EXERCISE DATA:
lemma cycle_walk_flow_vanishes:
  assumes cw: "cycle_walk vs es" and x: "flow x" "\<forall>e. e \<notin> set es \<longrightarrow> x e = 0"
    and k: "k < length es" "x (es ! k) = 0"
  shows "\<forall>s\<in>set es. x s = 0"
proof -
  define n where "n = length es"
  have around: "x (es ! ((k + m) mod n)) = 0" for m
  proof (induction m)
    case 0
    then show ?case using k n_def by simp
  next
    case (Suc m)
    have "(k + Suc m) mod n = ((k + m) mod n + 1) mod n" by (simp add: mod_Suc_eq)
    moreover have "(k + m) mod n < n" by (rule mod_less_divisor) (use k n_def in linarith)
    ultimately show ?case using cycle_walk_flow_zero_next[OF cw x _ Suc] n_def by simp
  qed
  show ?thesis
  proof
    fix s assume "s \<in> set es"
    then obtain l where l: "l < n" "s = es ! l" using in_set_conv_nth n_def by metis
    then have "(k + (n - k + l)) mod n = l" using k n_def by simp
    then show "x s = 0" using around[of "n - k + l"] l by simp
  qed
qed

lemma cycle_walk_minimal:
  assumes "cycle_walk vs es" "T \<subset> set es"
  shows "\<not> flow_dependent T"
proof
  assume "flow_dependent T"
  then obtain x where x: "flow x" "\<forall>e. e \<notin> T \<longrightarrow> x e = 0" "\<exists>s\<in>T. x s \<noteq> 0"
    unfolding flow_dependent_def by blast
  obtain e where "e \<in> set es" "e \<notin> T" using assms(2) by blast
  then obtain k where "k < length es" "es ! k \<notin> T" by (metis in_set_conv_nth)
  then have "\<forall>s\<in>set es. x s = 0"
    using x(2) assms(2) by (intro cycle_walk_flow_vanishes[OF assms(1) x(1)]) auto
  then show False using x(3) assms(2) by blast
qed

definition is_path :: "'e set \<Rightarrow> 'v list \<Rightarrow> 'e list \<Rightarrow> bool" where
  "is_path S vs es \<longleftrightarrow> length vs = Suc (length es) \<and> length es \<ge> 1 \<and> distinct vs \<and> distinct es \<and>
     set es \<subseteq> S \<and> (\<forall>i < length es. ends (es ! i) = {vs ! i, vs ! Suc i})"

lemma is_path_length_less_card:
  assumes "S \<subseteq> E" "is_path S vs es"
  shows "length es < card V"
proof -
  have "set vs \<subseteq> V"
  proof
    fix v assume "v \<in> set vs"
    then obtain i where i: "i < length vs" "v = vs ! i" by (metis in_set_conv_nth)
    define l where "l = min i (length es - 1)"
    have l: "l < length es" "i = l \<or> i = Suc l"
      using assms(2) i unfolding is_path_def l_def by auto
    then have "v \<in> ends (es ! l)" using assms(2) i unfolding is_path_def by auto
    moreover have "es ! l \<in> E" using assms l(1) nth_mem unfolding is_path_def by blast
    ultimately show "v \<in> V" using ends_subset by blast
  qed
  then have "card (set vs) \<le> card V" using finite_V card_mono by blast
  then show ?thesis using assms(2) distinct_card unfolding is_path_def by fastforce
qed

lemma is_path_Cons:
  assumes "is_path S vs es" "e \<in> S" "e \<notin> set es" "u \<notin> set vs" "ends e = {u, vs ! 0}"
  shows "is_path S (u # vs) (e # es)"
  using assms unfolding is_path_def by (auto simp: nth_Cons split: nat.split)

lemma is_path_close_cycle:
  assumes "S \<subseteq> E" "is_path S vs es" "e \<in> S" "e \<notin> set es" "ends e = {vs ! j, vs ! 0}"
    "0 < j" "j < length vs"
  shows "cycle_walk (take (Suc j) vs) (take j es @ [e])"
proof -
  have j: "j \<le> length es" and es: "distinct es" "set es \<subseteq> S"
    and ends_es: "\<forall>i<length es. ends (es ! i) = {vs ! i, vs ! Suc i}"
    using assms(2,7) unfolding is_path_def by auto
  have "ends ((take j es @ [e]) ! i) = {take (Suc j) vs ! i, take (Suc j) vs ! ((i + 1) mod Suc j)}"
    if "i < Suc j" for i
  proof (cases "i < j")
    case True
    then show ?thesis using ends_es j by (auto simp: nth_append)
  next
    case False
    then have "i = j" using that by simp
    then show ?thesis using assms(5) j by (auto simp: nth_append)
  qed
  moreover have "distinct (take j es @ [e])" using es assms(4) set_take_subset by fastforce
  moreover have "set (take j es @ [e]) \<subseteq> E" using es assms(1,3) set_take_subset by fastforce
  ultimately show ?thesis
    using assms(2,7) j unfolding cycle_walk_def is_path_def by (simp add: min_absorb2)
qed

text \<open>Close up a longest path at its first vertex.\<close>
lemma exists_cycle_walk:
  assumes SE: "S \<subseteq> E" and "e0 \<in> S" and loopless: "\<forall>e\<in>S. tail e \<noteq> head e"
    and deg: "\<forall>e\<in>S. \<forall>w\<in>ends e. \<exists>e'\<in>S. e' \<noteq> e \<and> w \<in> ends e'"
  shows "\<exists>vs es. cycle_walk vs es \<and> set es \<subseteq> S"
proof -
  have "is_path S [tail e0, head e0] [e0]"
    unfolding is_path_def using assms ends_tail_head by auto
  then obtain vs es where path: "is_path S vs es"
    and longest: "\<And>vs' es'. is_path S vs' es' \<Longrightarrow> length es' \<le> length es"
    using ex_has_greatest_nat[of "\<lambda>(vs, es). is_path S vs es" "([tail e0, head e0], [e0])"
        "\<lambda>(vs, es). length es" "card V"] is_path_length_less_card[OF SE]
    by (auto simp: less_imp_le_nat)
  have es: "length vs = Suc (length es)" "length es \<ge> 1" "distinct vs" "set es \<subseteq> S"
    "\<forall>i<length es. ends (es ! i) = {vs ! i, vs ! Suc i}"
    using path unfolding is_path_def by auto
  then have "es ! 0 \<in> S" "vs ! 0 \<in> ends (es ! 0)" by (auto simp: Suc_le_eq)
  then obtain e where e: "e \<in> S" "e \<noteq> es ! 0" "vs ! 0 \<in> ends e" using deg by blast
  define u where "u = (if tail e = vs ! 0 then head e else tail e)"
  have ends_e: "ends e = {u, vs ! 0}" and "u \<noteq> vs ! 0"
    using ends_tail_head[of e] e SE loopless unfolding u_def by auto
  have "e \<notin> set es"
  proof
    assume "e \<in> set es"
    then obtain l where l: "l < length es" "e = es ! l" by (metis in_set_conv_nth)
    then have "l \<noteq> 0" using e(2) by metis
    moreover have "vs ! 0 = vs ! l \<or> vs ! 0 = vs ! Suc l" using l e(3) es(5) by auto
    ultimately
    show False using es(1,3) l(1) by (auto simp: nth_eq_iff_index_eq)
  qed
  show ?thesis
  proof (cases "u \<in> set vs")
    case False
    then have "length (e # es) \<le> length es"
      using longest is_path_Cons[OF path e(1) \<open>e \<notin> set es\<close> _ ends_e] by blast
    then show ?thesis by simp
  next
    case True
    then obtain j where j: "j < length vs" "u = vs ! j" by (metis in_set_conv_nth)
    then have "0 < j" using \<open>u \<noteq> vs ! 0\<close> by (metis gr0I)
    then show ?thesis
      using is_path_close_cycle[OF SE path e(1) \<open>e \<notin> set es\<close> _ _ j(1)] ends_e j(2) e(1) es(4)
        set_take_subset by fastforce
  qed
qed

text \<open>By minimality a witnessing flow is nonzero on all of S, so by conservation every end of an
  edge of S lies on a second edge of S, unless S contains a loop.\<close>
lemma minimal_flow_dependent_is_cycle:
  assumes SE: "S \<subseteq> E" and dep: "flow_dependent S" and minimal: "\<forall>T. T \<subset> S \<longrightarrow> \<not> flow_dependent T"
  shows "is_cycle E ends S"
proof -
  obtain x s0 where x: "flow x" "\<forall>e. e \<notin> S \<longrightarrow> x e = 0" "s0 \<in> S" "x s0 \<noteq> 0"
    using dep unfolding flow_dependent_def by blast
  have nonzero: "\<forall>s\<in>S. x s \<noteq> 0"
  proof (rule ccontr)
    assume "\<not> (\<forall>s\<in>S. x s \<noteq> 0)"
    then have "{s\<in>S. x s \<noteq> 0} \<subset> S" by blast
    moreover have "flow_dependent {s\<in>S. x s \<noteq> 0}" unfolding flow_dependent_def using x by blast
    ultimately show False using minimal by blast
  qed
  have cycle_in_S: "\<exists>vs es. cycle_walk vs es \<and> set es \<subseteq> S"
  proof (cases "\<exists>e\<in>S. tail e = head e")
    case True
    then obtain e where "e \<in> S" "tail e = head e" by blast
    then have "cycle_walk [tail e] [e]" using ends_tail_head SE unfolding cycle_walk_def by auto
    then show ?thesis using \<open>e \<in> S\<close> by (intro exI[of _ "[tail e]"] exI[of _ "[e]"]) auto
  next
    case False
    have "\<exists>e'\<in>S. e' \<noteq> e \<and> w \<in> ends e'" if e: "e \<in> S" "w \<in> ends e" for e w
    proof (rule ccontr)
      assume "\<not> (\<exists>e'\<in>S. e' \<noteq> e \<and> w \<in> ends e')"
      then have "(\<Sum>e'\<in>{e}. incidence w e' * x e') = 0"
        using e SE ends_subset by (intro flow_conservation_local[OF x(1,2)]) auto
      moreover have "incidence w e \<noteq> 0" using incidence_neq_0 e SE False by blast
      ultimately show False using nonzero e by simp
    qed
    then show ?thesis using exists_cycle_walk[OF SE x(3)] False by blast
  qed
  then obtain vs es where "cycle_walk vs es" "set es \<subseteq> S" by blast
  moreover have "set es = S"
    using cycle_walk_flow_dependent[OF \<open>cycle_walk vs es\<close>] \<open>set es \<subseteq> S\<close> minimal by blast
  ultimately show ?thesis unfolding is_cycle_iff_cycle_walk by blast
qed

theorem is_cycle_iff_minimal_flow_dependent:
  assumes "S \<subseteq> E"
  shows "is_cycle E ends S \<longleftrightarrow> flow_dependent S \<and> (\<forall>T. T \<subset> S \<longrightarrow> \<not> flow_dependent T)"
  using assms minimal_flow_dependent_is_cycle cycle_walk_flow_dependent cycle_walk_minimal
  unfolding is_cycle_iff_cycle_walk by blast

end

section \<open>A spanning forest and its fundamental cuts\<close>

lemma funpow_comparable:
  assumes "(f ^^ n) w = x" "(f ^^ m) w = y"
  shows "(\<exists>k. (f ^^ k) x = y) \<or> (\<exists>k. (f ^^ k) y = x)"
proof (cases "n \<le> m")
  case True
  then have "(f ^^ (m - n)) x = y" using assms by (metis funpow_add le_add_diff_inverse2 o_apply)
  then show ?thesis by blast
next
  case False
  then have "(f ^^ (n - m)) y = x" using assms by (metis funpow_add le_add_diff_inverse2 nat_le_linear o_apply)
  then show ?thesis by blast
qed

context multigraph
begin

definition coboundary :: "'v set \<Rightarrow> 'e \<Rightarrow> real" where
  "coboundary D e = (if tail e \<in> D then 1 else 0) - (if head e \<in> D then 1 else 0)"

lemma coboundary_values: "coboundary D e \<in> {-1, 0, 1}"
  unfolding coboundary_def by auto

lemma coboundary_eq_sum_incidence: "finite D \<Longrightarrow> coboundary D e = (\<Sum>v\<in>D. incidence v e)"
  unfolding coboundary_def incidence_def by (simp add: sum_subtractf)

lemma coboundary_Un_disjoint: "D1 \<inter> D2 = {} \<Longrightarrow> coboundary (D1 \<union> D2) e = coboundary D1 e + coboundary D2 e"
  unfolding coboundary_def by auto

lemma coboundary_Diff: "D1 \<subseteq> D2 \<Longrightarrow> coboundary (D2 - D1) e = coboundary D2 e - coboundary D1 e"
  using coboundary_Un_disjoint[of D1 "D2 - D1" e] by (simp add: Un_absorb1)

lemma coboundary_laminar:
  assumes "D1 \<subseteq> D2 \<or> D2 \<subseteq> D1 \<or> D1 \<inter> D2 = {}"
  shows "\<exists>t\<in>{-1, 1}. \<forall>e. coboundary D1 e + t * coboundary D2 e \<in> {-1, 0, 1}"
  using assms
proof (elim disjE)
  assume "D1 \<subseteq> D2"
  then have "coboundary D1 e + -1 * coboundary D2 e = - coboundary (D2 - D1) e" for e
    using coboundary_Diff by simp
  then show ?thesis using coboundary_values by (intro bexI[of _ "-1"]) auto
next
  assume "D2 \<subseteq> D1"
  then have "coboundary D1 e + -1 * coboundary D2 e = coboundary (D1 - D2) e" for e
    using coboundary_Diff by simp
  then show ?thesis using coboundary_values by (intro bexI[of _ "-1"]) auto
next
  assume "D1 \<inter> D2 = {}"
  then have "coboundary D1 e + 1 * coboundary D2 e = coboundary (D1 \<union> D2) e" for e
    using coboundary_Un_disjoint by simp
  then show ?thesis using coboundary_values by (intro bexI[of _ 1]) auto
qed

definition adj :: "('v \<times> 'v) set" where
  "adj = adj_rel E ends"

lemma adj_sym: "(u, v) \<in> adj \<Longrightarrow> (v, u) \<in> adj"
  unfolding adj_def adj_rel_def by auto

WORK INSTRUCTIONS: Up to and including the line with "define l where", output each line of the entries above exactly, starting from the first.

SOLUTION:
lemma cycle_walk_flow_vanishes:
  assumes cw: "cycle_walk vs es" and x: "flow x" "\<forall>e. e \<notin> set es \<longrightarrow> x e = 0"
    and k: "k < length es" "x (es ! k) = 0"
  shows "\<forall>s\<in>set es. x s = 0"
proof -
  define n where "n = length es"
  have around: "x (es ! ((k + m) mod n)) = 0" for m
  proof (induction m)
    case 0
    then show ?case using k n_def by simp
  next
    case (Suc m)
    have "(k + Suc m) mod n = ((k + m) mod n + 1) mod n" by (simp add: mod_Suc_eq)
    moreover have "(k + m) mod n < n" by (rule mod_less_divisor) (use k n_def in linarith)
    ultimately show ?case using cycle_walk_flow_zero_next[OF cw x _ Suc] n_def by simp
  qed
  show ?thesis
  proof
    fix s assume "s \<in> set es"
    then obtain l where l: "l < n" "s = es ! l" using in_set_conv_nth n_def by metis
    then have "(k + (n - k + l)) mod n = l" using k n_def by simp
    then show "x s = 0" using around[of "n - k + l"] l by simp
  qed
qed

lemma cycle_walk_minimal:
  assumes "cycle_walk vs es" "T \<subset> set es"
  shows "\<not> flow_dependent T"
proof
  assume "flow_dependent T"
  then obtain x where x: "flow x" "\<forall>e. e \<notin> T \<longrightarrow> x e = 0" "\<exists>s\<in>T. x s \<noteq> 0"
    unfolding flow_dependent_def by blast
  obtain e where "e \<in> set es" "e \<notin> T" using assms(2) by blast
  then obtain k where "k < length es" "es ! k \<notin> T" by (metis in_set_conv_nth)
  then have "\<forall>s\<in>set es. x s = 0"
    using x(2) assms(2) by (intro cycle_walk_flow_vanishes[OF assms(1) x(1)]) auto
  then show False using x(3) assms(2) by blast
qed

definition is_path :: "'e set \<Rightarrow> 'v list \<Rightarrow> 'e list \<Rightarrow> bool" where
  "is_path S vs es \<longleftrightarrow> length vs = Suc (length es) \<and> length es \<ge> 1 \<and> distinct vs \<and> distinct es \<and>
     set es \<subseteq> S \<and> (\<forall>i < length es. ends (es ! i) = {vs ! i, vs ! Suc i})"

lemma is_path_length_less_card:
  assumes "S \<subseteq> E" "is_path S vs es"
  shows "length es < card V"
proof -
  have "set vs \<subseteq> V"
  proof
    fix v assume "v \<in> set vs"
    then obtain i where i: "i < length vs" "v = vs ! i" by (metis in_set_conv_nth)
    define l where "l = min i (length es - 1)"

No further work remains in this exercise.